In comparison, Canada quickly ditched its national oil company, Petro-Canada and instead allowed private companies, many of them foreign, to reap most of the profits. Most Canadian oil is sold unrefined to the US, foregoing billions of dollars every year. To top it off, successive conservative provincial governments in Alberta continually dropped oil and gas royalties since the early 1980s, with rates now a tenth of what they used to be. Essentially, Canada has done the opposite of what Norway did and given away its energy resources for far less than it could have received. How much has Canada lost due to this policy failure? Despite producing less than half the energy that Canada does, Norway has accumulated a sovereign wealth fund from its oil production of 1.4 trillion USD, or a staggering $259,000 for every single Norwegian citizen. Compare that to the pittance of Alberta’s $12 billion USD Heritage Fund (more than cancelled by $100 billion CAD in Alberta government debt).


This money means that Norway already has a huge leg up in the move away from fossil fuels and into renewable energy. While conservatives in Canada and the US wail about the huge cost of this transition, Norway has already invested heavily in alternative energy; two-thirds of its energy consumption is currently from renewables. The oil money means it will be able to do a lot more; for instance, by 2025 all new vehicles sold in the country will be zero-emission, and the government will subsidize this transition.
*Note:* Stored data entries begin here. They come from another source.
lemma psd_diagonal_zero_imp_row_zero:
  fixes A :: "complex ^ 'n ^ 'n"
  assumes psd: "psd A" and diag: "A $ k $ k = 0"
  shows "A $ k $ l = 0"
proof (rule ccontr)
  define b where "b = A $ k $ l"
  assume "A $ k $ l \<noteq> 0"
  then have "b \<noteq> 0" by (simp add: b_def)
  txt \<open>For v = x e_k + e_l the quadratic form is 2 Re (cnj x b) + A(l,l);
    x is scaled along -b to make it -A(l,l) - 2 < 0.\<close>
  define x where "x = - complex_of_real ((Re (A $ l $ l) + 1) / (cmod b)\<^sup>2) * b"
  have "cnj x * b = - complex_of_real ((Re (A $ l $ l) + 1) / (cmod b)\<^sup>2) * (b * cnj b)"
    by (simp add: x_def)
  also have "\<dots> = - complex_of_real (Re (A $ l $ l) + 1)"
    using \<open>b \<noteq> 0\<close> by (simp add: complex_norm_square[symmetric] flip: of_real_mult)
  finally have xb: "cnj x * b = - complex_of_real (Re (A $ l $ l) + 1)" .
  have "A $ l $ k = cnj b"
    using hermitian_component[OF psd_hermitian[OF psd], of l k] by (simp add: b_def)
  define v :: "complex ^ 'n" where
    "v = (\<chi> i. if i = k then x else 0) + (\<chi> i. if i = l then 1 else 0)"
  have "(\<Sum>i\<in>UNIV. cnj (v $ i) * (A *v v) $ i) = cnj x * b + cnj (cnj x * b) + A $ l $ l"
    using \<open>A $ l $ k = cnj b\<close>
    by (simp add: quadratic_form_two_basis[OF v_def] diag b_def[symmetric] mult.commute)
  then have "Re (\<Sum>i\<in>UNIV. cnj (v $ i) * (A *v v) $ i) = - Re (A $ l $ l) - 2"
    by (simp add: xb)
  then show False
    using psd_quadratic_form(2)[OF psd, of v] psd_diagonal(2)[OF psd, of l] by linarith
qed

lemma psd_weighted_diagonal_sum_zero:
  fixes A :: "complex ^ 'n ^ 'n"
  assumes psd: "psd A" and w_nonneg: "\<And>r. 0 \<le> w r"
    and sum_zero: "(\<Sum>r\<in>UNIV. complex_of_real (w r) * A $ r $ r) = 0" and "0 < w k"
  shows "A $ k $ k = 0"
proof -
  have diag_real: "A $ r $ r = complex_of_real (Re (A $ r $ r))" for r
    using psd_diagonal(1)[OF psd] by (simp add: complex_is_Real_iff)
  have "complex_of_real (\<Sum>r\<in>UNIV. w r * Re (A $ r $ r)) = 0"
    unfolding sum_zero[symmetric] by (simp add: diag_real[symmetric])
  then have "(\<Sum>r\<in>UNIV. w r * Re (A $ r $ r)) = 0"
    by (simp only: of_real_eq_0_iff)
  then have "w k * Re (A $ k $ k) = 0"
    using w_nonneg psd_diagonal(2)[OF psd] by (simp add: sum_nonneg_eq_0_iff)
  then show ?thesis
    using \<open>0 < w k\<close> diag_real by (metis mult_eq_0_iff of_real_0 order_less_irrefl)
qed

lemma nonhermitian_generator_eq:
  assumes "hermitian H" and "hermitian G"
  shows "smat (- \<i>) ((H - smat \<i> G) ** \<rho> - \<rho> ** adj (H - smat \<i> G))
       = smat (- \<i>) (comm H \<rho>) - anticomm G \<rho>"
proof -
  have "adj (H - smat \<i> G) = H + smat \<i> G"
    using assms by (simp add: adj_diff adj_smat hermitian_def vec_eq_iff)
  then show ?thesis
    by (simp add: vec_eq_iff comm_def anticomm_def matrix_mult_component algebra_simps sum.distrib
        sum_subtractf sum_distrib_left)
qed

lemma hamiltonian_hermitian: "hermitian (hamiltonian \<Delta> V)"
  unfolding hermitian_def hamiltonian_def
  by (simp add: adj_sum adj_add adj_diff adj_smat adj_ketbra add.commute)

lemma sigma_adj_mult_sigma: "adj (sigma i j) ** sigma i j = ketbra (Inr j) (Inr j)"
  by (simp add: sigma_def adj_ketbra vec_eq_iff ketbra_mult_component)

definition decay_rate :: "('g::finite \<Rightarrow> 'e::finite \<Rightarrow> real) \<Rightarrow> 'g + 'e \<Rightarrow> real" where
  "decay_rate \<gamma> r = (case r of Inl _ \<Rightarrow> 0 | Inr j \<Rightarrow> (\<Sum>i\<in>UNIV. \<gamma> i j))"

lemma decay_rate_nonneg: "(\<And>i j. 0 \<le> \<gamma> i j) \<Longrightarrow> 0 \<le> decay_rate \<gamma> r"
  by (simp add: decay_rate_def sum_nonneg split: sum.split)

lemma decay_op_component:
  "decay_op \<gamma> $ r $ c = (if r = c then complex_of_real (decay_rate \<gamma> r) else 0)"
  unfolding decay_op_def sigma_adj_mult_sigma
  by (cases r; cases c)
    (auto simp: decay_rate_def if_distrib[of "\<lambda>x. _ * x"] cong: if_cong intro!: sum.neutral)

lemma decay_op_hermitian: "hermitian (decay_op \<gamma>)"
  by (simp add: hermitian_def vec_eq_iff decay_op_component)

lemma decay_op_mult_component: "(decay_op \<gamma> ** A) $ r $ c = decay_rate \<gamma> r * A $ r $ c"
  by (simp add: matrix_mult_component decay_op_component if_distrib[of "\<lambda>x. x * _"] cong: if_cong)

lemma mult_decay_op_component: "(A ** decay_op \<gamma>) $ r $ c = A $ r $ c * decay_rate \<gamma> c"
  by (simp add: matrix_mult_component decay_op_component if_distrib[of "\<lambda>x. _ * x"] cong: if_cong)

lemma trace_decay_op_mult:
  "Determinants.trace (decay_op \<gamma> ** A) = (\<Sum>r\<in>UNIV. decay_rate \<gamma> r * A $ r $ r)"
  by (simp add: Determinants.trace_def decay_op_mult_component)
(* For finite groups $G$ and $H$, $P_e(G)\cong P_e(H)$ if and only if $C(G)\cong C(H)$ and $|G|=|H|$.
   Context: All groups are finite. For a group $X$, the enhanced power graph $P_e(X)$ is the simple graph with vertex set $X$ in which two distinct vertices $x,y$ are adjacent if and only if $\langle x,y\rangle$ is cyclic. Let $\mathrm{Cyc}(X)=\{x\in X : \langle x,y\rangle \text{ is cyclic for all } y\in X\}$. The cyclic graph $C(X)$ is the induced subgraph of $P_e(X)$ on the vertex set $X\setminus \mathrm{Cyc}(X)$, i.e. two vertices $x,y\in X\setminus\mathrm{Cyc}(X)$ are adjacent iff $\langle x,y\rangle$ is cyclic. *)

theory Defs
  imports "HOL-Algebra.Elementary_Groups"
begin

definition enh_adj :: "('a, 'b) monoid_scheme \<Rightarrow> 'a \<Rightarrow> 'a \<Rightarrow> bool" where
  "enh_adj G x y \<longleftrightarrow> x \<noteq> y \<and> cyclic_group (subgroup_generated G {x, y})"

definition Cyc :: "('a, 'b) monoid_scheme \<Rightarrow> 'a set" where
  "Cyc G = {x \<in> carrier G. \<forall>y \<in> carrier G. cyclic_group (subgroup_generated G {x, y})}"

definition graph_iso :: "'a set \<Rightarrow> ('a \<Rightarrow> 'a \<Rightarrow> bool) \<Rightarrow> 'b set \<Rightarrow> ('b \<Rightarrow> 'b \<Rightarrow> bool) \<Rightarrow> bool" where
  "graph_iso V E W F \<longleftrightarrow> (\<exists>f. bij_betw f V W \<and> (\<forall>x\<in>V. \<forall>y\<in>V. E x y \<longleftrightarrow> F (f x) (f y)))"

text \<open>Enhanced power graph P_e(G) has vertices carrier G, edges enh_adj G;
  cyclic graph C(G) is the induced subgraph on carrier G - Cyc G.\<close>

end

theory Submission
  imports Defs
begin

text \<open>A vertex of P_e(G) lies in Cyc(G) iff it is adjacent to every other vertex, so C(G) is
  P_e(G) with its dominating vertices deleted. Graph isomorphisms map dominating vertices onto
  dominating vertices, which gives one direction. Conversely, a dominating vertex is adjacent to
  everything, so an isomorphism between the graphs with dominating vertices deleted extends by
  an arbitrary bijection between the sets of dominating vertices; such a bijection exists because
  |G| = |H| forces these sets to have the same size.\<close>

definition dominating_vertices :: "'a set \<Rightarrow> ('a \<Rightarrow> 'a \<Rightarrow> bool) \<Rightarrow> 'a set" where
  "dominating_vertices V E = {x \<in> V. \<forall>y\<in>V. y \<noteq> x \<longrightarrow> E x y}"

lemma dominating_vertices_subset: "dominating_vertices V E \<subseteq> V"
  by (auto simp: dominating_vertices_def)

lemma dominating_vertices_adj:
  assumes "symp E"
    and "x \<in> V" "y \<in> V" "x \<noteq> y" "x \<in> dominating_vertices V E \<or> y \<in> dominating_vertices V E"
  shows "E x y"
  using assms by (auto simp: dominating_vertices_def dest: sympD)

lemma graph_iso_card: "graph_iso V E W F \<Longrightarrow> card V = card W"
  unfolding graph_iso_def using bij_betw_same_card by blast

lemma bij_preserving_adj_image_dominating_vertices:
  assumes bij: "bij_betw f V W" and adj: "\<forall>x\<in>V. \<forall>y\<in>V. E x y \<longleftrightarrow> F (f x) (f y)"
  shows "f ` dominating_vertices V E = dominating_vertices W F"
proof -
  have image: "f ` V = W" and inj: "inj_on f V"
    using bij by (auto simp: bij_betw_def)
  have "f x \<in> dominating_vertices W F \<longleftrightarrow> x \<in> dominating_vertices V E" if "x \<in> V" for x
    using that adj inj_on_eq_iff[OF inj] unfolding dominating_vertices_def image[symmetric]
    by auto
  then have "dominating_vertices V E = V \<inter> f -` dominating_vertices W F"
    using dominating_vertices_subset[of V E] by blast
  then show ?thesis
    using image dominating_vertices_subset[of W F] by auto
qed

lemma graph_iso_Diff_dominating_vertices:
  assumes "graph_iso V E W F"
  shows "graph_iso (V - dominating_vertices V E) E (W - dominating_vertices W F) F"
proof -
  obtain f where bij: "bij_betw f V W" and adj: "\<forall>x\<in>V. \<forall>y\<in>V. E x y \<longleftrightarrow> F (f x) (f y)"
    using assms by (auto simp: graph_iso_def)
  have "f ` (V - dominating_vertices V E) = W - dominating_vertices W F"
    using bij_preserving_adj_image_dominating_vertices[OF bij adj] bij
      inj_on_image_set_diff[of f V V "dominating_vertices V E"] dominating_vertices_subset[of V E]
    by (simp add: bij_betw_def)
  then have "bij_betw f (V - dominating_vertices V E) (W - dominating_vertices W F)"
    by (rule bij_betw_subset[OF bij Diff_subset])
  with adj show ?thesis
    unfolding graph_iso_def by blast
qed

lemma bij_betw_piecewise:
  assumes "bij_betw g A A'" "bij_betw f (V - A) (W - A')" "A \<subseteq> V" "A' \<subseteq> W"
  shows "bij_betw (\<lambda>x. if x \<in> A then g x else f x) V W"
proof -
  have "bij_betw (\<lambda>x. if x \<in> A then g x else f x) (A \<union> (V - A)) (A' \<union> (W - A'))"
  proof (rule bij_betw_combine)
    show "bij_betw (\<lambda>x. if x \<in> A then g x else f x) A A'"
      using assms(1) by (rule bij_betw_cong[THEN iffD1, rotated]) simp
    show "bij_betw (\<lambda>x. if x \<in> A then g x else f x) (V - A) (W - A')"
      using assms(2) by (rule bij_betw_cong[THEN iffD1, rotated]) simp
  qed blast
  with assms(3,4) show ?thesis
    by (simp add: Un_absorb1 Un_Diff_cancel)
qed

lemma graph_iso_of_Diff_dominating_vertices:
  assumes "finite V" "finite W" "card V = card W"
    and symE: "symp E" and irrE: "irreflp E"
    and symF: "symp F" and irrF: "irreflp F"
    and iso: "graph_iso (V - dominating_vertices V E) E (W - dominating_vertices W F) F"
  shows "graph_iso V E W F"
proof -
  let ?D = "dominating_vertices V E" and ?D' = "dominating_vertices W F"
  obtain f where f: "bij_betw f (V - ?D) (W - ?D')"
    and adj: "\<forall>x\<in>V - ?D. \<forall>y\<in>V - ?D. E x y \<longleftrightarrow> F (f x) (f y)"
    using iso by (auto simp: graph_iso_def)
  have "card (V - ?D) = card (W - ?D')"
    using f by (rule bij_betw_same_card)
  then have "card ?D = card ?D'"
    using assms(1-3) dominating_vertices_subset[of V E] dominating_vertices_subset[of W F]
    by (metis card_Diff_subset card_mono diff_diff_cancel finite_subset)
  then obtain g where g: "bij_betw g ?D ?D'"
    using assms(1,2) dominating_vertices_subset
    by (metis finite_same_card_bij finite_subset)
  define h where "h x = (if x \<in> ?D then g x else f x)" for x
  have h: "bij_betw h V W"
    unfolding h_def using g f dominating_vertices_subset dominating_vertices_subset
    by (rule bij_betw_piecewise)
  have h_dom: "h x \<in> ?D' \<longleftrightarrow> x \<in> ?D" if "x \<in> V" for x
    using that f g by (auto simp: h_def bij_betw_def)
  have "E x y \<longleftrightarrow> F (h x) (h y)" if x: "x \<in> V" and y: "y \<in> V" for x y
  proof (cases "x = y")
    case True
    then show ?thesis using irrE irrF by (simp add: irreflpD)
  next
    case False
    then have "h x \<noteq> h y" and "h x \<in> W" "h y \<in> W"
      using h x y by (auto simp: bij_betw_def inj_on_eq_iff)
    then show ?thesis
      using x y False adj h_dom[OF x] h_dom[OF y]
        dominating_vertices_adj[OF symE] dominating_vertices_adj[OF symF]
      by (auto simp: h_def)
  qed
  with h show ?thesis
    unfolding graph_iso_def by blast
qed

lemma symp_enh_adj: "symp (enh_adj G)"
  by (auto simp: symp_def enh_adj_def insert_commute)

lemma irreflp_enh_adj: "irreflp (enh_adj G)"
  by (simp add: irreflp_def enh_adj_def)

lemma (in group) Cyc_eq_dominating_vertices: "Cyc G = dominating_vertices (carrier G) (enh_adj G)"
  using cyclic_group_generated by (auto simp: Cyc_def dominating_vertices_def enh_adj_def)

theorem lemma2:
  fixes G :: "('a, 'c) monoid_scheme" and H :: "('b, 'd) monoid_scheme"
  assumes "group G" and "finite (carrier G)" and "group H" and "finite (carrier H)"
  shows "graph_iso (carrier G) (enh_adj G) (carrier H) (enh_adj H) \<longleftrightarrow>
         (graph_iso (carrier G - Cyc G) (enh_adj G) (carrier H - Cyc H) (enh_adj H)
          \<and> card (carrier G) = card (carrier H))"
  unfolding group.Cyc_eq_dominating_vertices[OF assms(1)] group.Cyc_eq_dominating_vertices[OF assms(3)]
  using graph_iso_Diff_dominating_vertices graph_iso_card
    graph_iso_of_Diff_dominating_vertices[OF assms(2,4) _ symp_enh_adj irreflp_enh_adj
      symp_enh_adj irreflp_enh_adj]
  by blast

end
sublocale invertible_square_mat aH d
  by (rule is_obj_invertible_square_mat[OF obj])

lemma mH_carrier: "mH \<in> carrier_mat d (d*d)" and mH_commute: "mH * kron aH aH = aH * mH"
  using mor_m unfolding is_mor_def by auto

lemma etaH_carrier: "etaH \<in> carrier_mat d 1" and aH_etaH: "aH * etaH = etaH"
  using mor_e unfolding is_mor_def unit_obj_def by auto

lemma hmul_carrier [simp]: "hmul mH u v \<in> carrier_vec d"
  by (rule hmul_carrier_vec[OF mH_carrier])

lemma al_mult_vec_carrier [simp]: "v \<in> carrier_vec d \<Longrightarrow> al k *\<^sub>v v \<in> carrier_vec d"
  by (rule mult_mat_vec_carrier[OF mpow_int_carrier])

lemma hone_carrier [simp]: "hone etaH \<in> carrier_vec d"
  using etaH_carrier by (simp add: hone_def)

lemma aH_hmul:
  assumes "u \<in> carrier_vec d" "v \<in> carrier_vec d"
  shows "aH *\<^sub>v hmul mH u v = hmul mH (aH *\<^sub>v u) (aH *\<^sub>v v)"
proof -
  have "aH *\<^sub>v hmul mH u v = (aH * mH) *\<^sub>v vkron u v"
    unfolding hmul_def by (rule assoc_mult_mat_vec[symmetric, OF carrier mH_carrier]) (use assms in simp)
  also have "\<dots> = (mH * kron aH aH) *\<^sub>v vkron u v"
    by (simp add: mH_commute)
  also have "\<dots> = hmul mH (aH *\<^sub>v u) (aH *\<^sub>v v)"
    by (rule hmul_mult_mat_vec[OF mH_carrier carrier carrier assms, symmetric])
  finally show ?thesis .
qed

lemma inv_mat_hmul:
  assumes u: "u \<in> carrier_vec d" and v: "v \<in> carrier_vec d"
  shows "inv_mat aH *\<^sub>v hmul mH u v = hmul mH (inv_mat aH *\<^sub>v u) (inv_mat aH *\<^sub>v v)"
proof -
  have u': "inv_mat aH *\<^sub>v u \<in> carrier_vec d" and v': "inv_mat aH *\<^sub>v v \<in> carrier_vec d"
    using u v inv_mat(1) by auto
  have "inv_mat aH *\<^sub>v hmul mH u v = inv_mat aH *\<^sub>v (aH *\<^sub>v hmul mH (inv_mat aH *\<^sub>v u) (inv_mat aH *\<^sub>v v))"
    by (simp only: aH_hmul[OF u' v'] inv_mat_cancel_vec(1)[OF u] inv_mat_cancel_vec(1)[OF v])
  also have "\<dots> = hmul mH (inv_mat aH *\<^sub>v u) (inv_mat aH *\<^sub>v v)"
    by (rule inv_mat_cancel_vec(2)) simp
  finally show ?thesis .
qed

lemma al_hmul:
  "u \<in> carrier_vec d \<Longrightarrow> v \<in> carrier_vec d \<Longrightarrow> al k *\<^sub>v hmul mH u v = hmul mH (al k *\<^sub>v u) (al k *\<^sub>v v)"
  unfolding mpow_int_def
  using pow_mat_hmul[OF carrier mH_carrier aH_hmul] pow_mat_hmul[OF inv_mat(1) mH_carrier inv_mat_hmul]
  by simp

lemma aH_hone: "aH *\<^sub>v hone etaH = hone etaH"
proof -
  have "aH *\<^sub>v hone etaH = (aH * etaH) *\<^sub>v vec 1 (\<lambda>_. 1)"
    unfolding hone_def by (rule assoc_mult_mat_vec[symmetric, OF carrier etaH_carrier]) simp
  then show ?thesis by (simp add: aH_etaH hone_def)
qed

lemma al_hone: "al k *\<^sub>v hone etaH = hone etaH"
proof -
  have "inv_mat aH *\<^sub>v hone etaH = hone etaH"
    using inv_mat_cancel_vec(2)[OF hone_carrier] by (simp only: aH_hone)
  then show ?thesis
    unfolding mpow_int_def
    using pow_mat_fixed_vec[OF carrier hone_carrier aH_hone] pow_mat_fixed_vec[OF inv_mat(1) hone_carrier]
    by simp
qed

lemma al_al: "v \<in> carrier_vec d \<Longrightarrow> al k *\<^sub>v (al l *\<^sub>v v) = al (k + l) *\<^sub>v v"
  by (rule mpow_int_mult_vec)

lemma aH_eq_al_1: "aH *\<^sub>v v = al 1 *\<^sub>v v"
  by (simp add: mpow_int_1)

lemma al_0: "v \<in> carrier_vec d \<Longrightarrow> al 0 *\<^sub>v v = v"
  by (simp add: mpow_int_0)

lemma H2_mult_elementary:
  "x \<in> carrier_vec (dim_row X) \<Longrightarrow> a \<in> carrier_vec d \<Longrightarrow> y \<in> carrier_vec (dim_row Y) \<Longrightarrow> b \<in> carrier_vec d \<Longrightarrow>
   H2 i j aH mH X Y *\<^sub>v vkron (vkron x a) (vkron y b) = vkron (vkron x y) (hmul mH (al i *\<^sub>v a) (al j *\<^sub>v b))"
  by (rule H2_mult_vkron[OF refl mpow_int_carrier mpow_int_carrier mH_carrier])

lemma al_aH_commute: "v \<in> carrier_vec d \<Longrightarrow> al k *\<^sub>v (aH *\<^sub>v v) = aH *\<^sub>v (al k *\<^sub>v v)"
  by (simp only: aH_eq_al_1 al_al add.commute)

lemma H2_carrier_mat:
  "H2 i j aH mH X Y \<in> carrier_mat ((dim_row X * dim_row Y) * d) ((dim_row X * d) * (dim_row Y * d))"
  by (intro carrier_matI) simp_all

lemma H2_is_mor:
  assumes X: "is_obj X" and Y: "is_obj Y"
  shows "is_mor (kron (Hobj aH X) (Hobj aH Y)) (Hobj aH (kron X Y)) (H2 i j aH mH X Y)"
proof -
  let ?n = "dim_row X" and ?m = "dim_row Y"
  have Xc: "X \<in> carrier_mat ?n ?n" and Yc: "Y \<in> carrier_mat ?m ?m" using X Y by (simp_all add: is_objD)
  let ?H = "H2 i j aH mH X Y" and ?K = "kron (kron X aH) (kron Y aH)" and ?R = "kron (kron X Y) aH"
  have Kc: "?K \<in> carrier_mat ((?n*d)*(?m*d)) ((?n*d)*(?m*d))"
    using kron_carrier_mat[OF kron_carrier_mat[OF Xc carrier] kron_carrier_mat[OF Yc carrier]] .
  have Rc: "?R \<in> carrier_mat ((?n*?m)*d) ((?n*?m)*d)"
    using kron_carrier_mat[OF kron_carrier_mat[OF Xc Yc] carrier] .
  have "?H * ?K = ?R * ?H"
  proof (rule mat_eq_on_vkron4I[OF mult_carrier_mat[OF H2_carrier_mat Kc] mult_carrier_mat[OF Rc H2_carrier_mat]])
    fix x a y b :: "'a vec"
    assume x: "x \<in> carrier_vec ?n" and a: "a \<in> carrier_vec d" and y: "y \<in> carrier_vec ?m" and b: "b \<in> carrier_vec d"
    have xa: "vkron x a \<in> carrier_vec (?n*d)" and yb: "vkron y b \<in> carrier_vec (?m*d)" using x a y b by auto
    have "(?H * ?K) *\<^sub>v vkron (vkron x a) (vkron y b) = ?H *\<^sub>v (?K *\<^sub>v vkron (vkron x a) (vkron y b))"
      by (rule assoc_mult_mat_vec[OF H2_carrier_mat Kc vkron_carrier_vec[OF xa yb]])
    also have "?K *\<^sub>v vkron (vkron x a) (vkron y b) = vkron (vkron (X *\<^sub>v x) (aH *\<^sub>v a)) (vkron (Y *\<^sub>v y) (aH *\<^sub>v b))"
      using kron_mult_vkron[OF kron_carrier_mat[OF Xc carrier] kron_carrier_mat[OF Yc carrier] xa yb]
        kron_mult_vkron[OF Xc carrier x a] kron_mult_vkron[OF Yc carrier y b] by simp
    also have "?H *\<^sub>v \<dots> = vkron (vkron (X *\<^sub>v x) (Y *\<^sub>v y)) (hmul mH (al i *\<^sub>v (aH *\<^sub>v a)) (al j *\<^sub>v (aH *\<^sub>v b)))"
      by (rule H2_mult_elementary[OF mult_mat_vec_carrier[OF Xc x] mult_mat_vec_carrier[OF carrier a]
            mult_mat_vec_carrier[OF Yc y] mult_mat_vec_carrier[OF carrier b]])
    also have "\<dots> = vkron (kron X Y *\<^sub>v vkron x y) (aH *\<^sub>v hmul mH (al i *\<^sub>v a) (al j *\<^sub>v b))"
      by (simp only: kron_mult_vkron[OF Xc Yc x y] aH_hmul[OF al_mult_vec_carrier[OF a] al_mult_vec_carrier[OF b]]
          al_aH_commute[OF a] al_aH_commute[OF b])
    also have "\<dots> = ?R *\<^sub>v (?H *\<^sub>v vkron (vkron x a) (vkron y b))"
      by (simp only: H2_mult_elementary[OF x a y b] kron_mult_vkron[OF kron_carrier_mat[OF Xc Yc] carrier vkron_carrier_vec[OF x y] hmul_carrier])
    also have "\<dots> = (?R * ?H) *\<^sub>v vkron (vkron x a) (vkron y b)"
      by (rule assoc_mult_mat_vec[OF Rc H2_carrier_mat vkron_carrier_vec[OF xa yb], symmetric])
    finally show "(?H * ?K) *\<^sub>v vkron (vkron x a) (vkron y b) = (?R * ?H) *\<^sub>v vkron (vkron x a) (vkron y b)" .
  qed
  then show ?thesis unfolding is_mor_def Hobj_def using H2_carrier_mat by simp
qed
The oil wealth also allows Norway to invest in other high growth areas, like IT and biotech. In short, Norway is a textbook example of how to properly manage a depleting natural resource.


Norway has an economy that works for its citizens. They have created a fair society in which those whose talents and efforts allow them to contribute more can still reap the rewards, but not at the cost of rest of society. Norwegians don't look at the world as only an individual competition; they see the need for cooperation and community. It's a model other countries should try to emulate.